Authored by: Julian Perlman
Editor’s Note: This post is a joint submission with BakerHostetler’s Class Action Lawsuit Defense blog.
California has moved one step closer towards amending its Constitution to create a presumption of harm whenever personal data is shared without a consumer’s express opt-in, a change that would clear a significant hurdle to many privacy breach lawsuits.
On Thursday, California Secretary of State Debra Bowen approved steps necessary to bring the Personal Privacy Protection Act to California voters. The effort to bring this initiative to the ballot, led by former state Sen. Steve Peace (also co-writer and co-producer of 1978’s cult classic “Attack of the Killer Tomatoes”) and retired litigator Michael Thorsnes, will require 807,615 signatures from registered voters by February 24, 2014. (The complete Ballot Initiative Request is available here) If its proponents succeed, voters will face the issue in November 2014, with any approved change to the law taking effect in January 2016.

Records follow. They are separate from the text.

theorem mainTheorem7:
  fixes G :: "('g,'m) monoid_scheme"
    and act :: "'g \<Rightarrow> 'b::metric_space \<Rightarrow> 'b"
    and Pp :: "'b set" and K :: "'b \<Rightarrow> 'b set"
    and D DPi \<epsilon> :: real
    and Z :: "'b set"
    and V W Vh Wh :: "'b \<Rightarrow> 'b set"
    and L :: "'b \<Rightarrow> 'g set"
  assumes grp: "group G"
    and fin_gen: "\<exists>S. finite S \<and> S \<subseteq> carrier G \<and> generate G S = carrier G"
    and bdry_compact: "compact (UNIV :: 'b set)"
    and bdry_infinite: "infinite (UNIV :: 'b set)"
    and act_one: "\<forall>x. act \<one>\<^bsub>G\<^esub> x = x"
    and act_mult: "\<forall>g\<in>carrier G. \<forall>h\<in>carrier G. \<forall>x. act (g \<otimes>\<^bsub>G\<^esub> h) x = act g (act h x)"
    and act_cont: "\<forall>g\<in>carrier G. continuous_on UNIV (act g)"
    and Pp_fin: "finite Pp" and Pp_ne: "Pp \<noteq> {}"
    and Pp_inf: "\<forall>p\<in>Pp. infinite (stab G act p)"
    and D_pos: "D > 0"
    and D_sep: "\<forall>x y. x \<noteq> y \<longrightarrow> (\<exists>g\<in>carrier G. dist (act g x) (act g y) > D)"
    and K_prop: "\<forall>p\<in>Pp. compact (K p) \<and> p \<notin> K p \<and>
                   (\<Union>g\<in>stab G act p. act g ` K p) = UNIV - {p}"
    and DPi_pos: "DPi > 0"
    and DPi_prop: "\<forall>p\<in>Pp. DPi < diameter (K p) \<and> DPi < infdist p (K p)"
    and eps_pos: "0 < \<epsilon>" and eps_bound: "\<epsilon> < min (D / 5) (DPi / 5)"
    and Z_fin: "finite Z"
    and opens: "\<forall>z\<in>Z. open (V z) \<and> open (W z) \<and> open (Vh z) \<and> open (Wh z)"
    and conical_data: "\<forall>z\<in>Z. z \<notin> parabolic_pts G act Pp \<longrightarrow>
         (\<exists>\<alpha>\<in>carrier G. L z = {\<alpha>} \<and> Vh z = act (inv\<^bsub>G\<^esub> \<alpha>) ` V z \<and> Wh z = act (inv\<^bsub>G\<^esub> \<alpha>) ` W z)"
    and parabolic_data: "\<forall>z\<in>Z. z \<in> parabolic_pts G act Pp \<longrightarrow>
         (\<exists>g\<in>carrier G. \<exists>p\<in>Pp. \<exists>F. z = act g p \<and> finite F \<and>
            L z = l_coset G g (stab G act p) - F \<and>
            Vh z \<subseteq> Wh z \<and> Wh z \<subseteq> UNIV - {p} \<and> p \<notin> cnbhd \<epsilon> (Wh z))"
    and V_cover: "(\<Union>z\<in>Z. V z) = UNIV"
    and C1: "\<forall>z\<in>Z. diameter (W z) < \<epsilon>"
    and C2: "\<forall>z\<in>Z. diameter (Wh z) > 4 * \<epsilon>"
    and C3: "\<forall>z\<in>Z. cnbhd (2 * \<epsilon>) (Vh z) \<subseteq> Wh z"
    and C4: "\<forall>z\<in>Z. W z = {z} \<union> (\<Union>\<alpha>\<in>L z. act \<alpha> ` Wh z)"
    and C5: "\<forall>z\<in>Z. V z = {z} \<union> (\<Union>\<alpha>\<in>L z. act \<alpha> ` Vh z) \<and> closure (V z) \<subseteq> W z"
    and C6: "\<forall>y\<in>Z. \<forall>z\<in>Z. (closure (Vh z) \<inter> closure (V y) = {}) \<longleftrightarrow> (Vh z \<inter> V y = {})"
  shows "\<forall>\<zeta>::'b.
           (\<exists>e. strict_conical_coding G act (automaton_edges Z L Vh V) W e \<zeta>) \<or>
           (\<exists>q0 es. strict_parabolic_coding G act Pp Z (automaton_edges Z L Vh V) q0 es \<zeta>)"
proof -
  have labels: "L z \<subseteq> carrier G" if z: "z \<in> Z" for z
  proof (cases "z \<in> parabolic_pts G act Pp")
    case True
    then obtain g p F where "g \<in> carrier G" "L z = l_coset G g (stab G act p) - F"
      using parabolic_data z by blast
    then show ?thesis
      using group.l_coset_subset_G[OF grp, of "stab G act p" g] by (auto simp: stab_def)
  next
    case False
    then show ?thesis using conical_data z by auto
  qed
  interpret coding_automaton G act Pp Z L V W Vh
  proof (rule coding_automaton.intro)
    show "\<And>z. z \<in> Z \<Longrightarrow> z \<notin> parabolic_pts G act Pp \<Longrightarrow>
        \<exists>\<alpha>\<in>carrier G. L z = {\<alpha>} \<and> Vh z = act (inv\<^bsub>G\<^esub> \<alpha>) ` V z"
      using conical_data by meson
    show "\<And>z. z \<in> Z \<Longrightarrow> closure (V z) \<subseteq> W z"
      using C5 by blast
  qed (use grp act_one act_mult labels C5 V_cover in \<open>simp_all\<close>)
  show ?thesis using strict_coding_exists by blast
qed

end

As reported here, one of the biggest challenges litigants face is proving that the disclosure of personal data – such as credit card numbers, user names, and email addresses, as well as health data – has resulted in any actionable harm. If approved by California voters, the disclosure of “personally identifying information,” – defined as “any information which can be used to distinguish or trace a natural person’s identify, including but not limited to financial and/or health information, which is linked or linkable to a specific natural person” – will be presumed to have caused such harm or injury. Potential plaintiffs, unburdened from having to make the difficult showing of actual injury, will almost certainly unleash a flurry of such litigation in the state. Specifically, the initiative would create presumptions that an individual’s personally identifying information is confidential when collected for a commercial or governmental purpose and that individuals are harmed whenever that personal data is shared without his or her express opt-in to its disclosure (unless that information is publicly available or there is a compelling interest in its disclosure). Such a move would bring California closer to the opt-in approach to data collection and sharing favored in the E.U.
Notably, as a potential ballot initiative, this issue is not subject to review by lawmakers nor to the standard lobbying efforts of industry stakeholders. Instead, this aspect of the future of California privacy law rests firmly in the hands of her voters.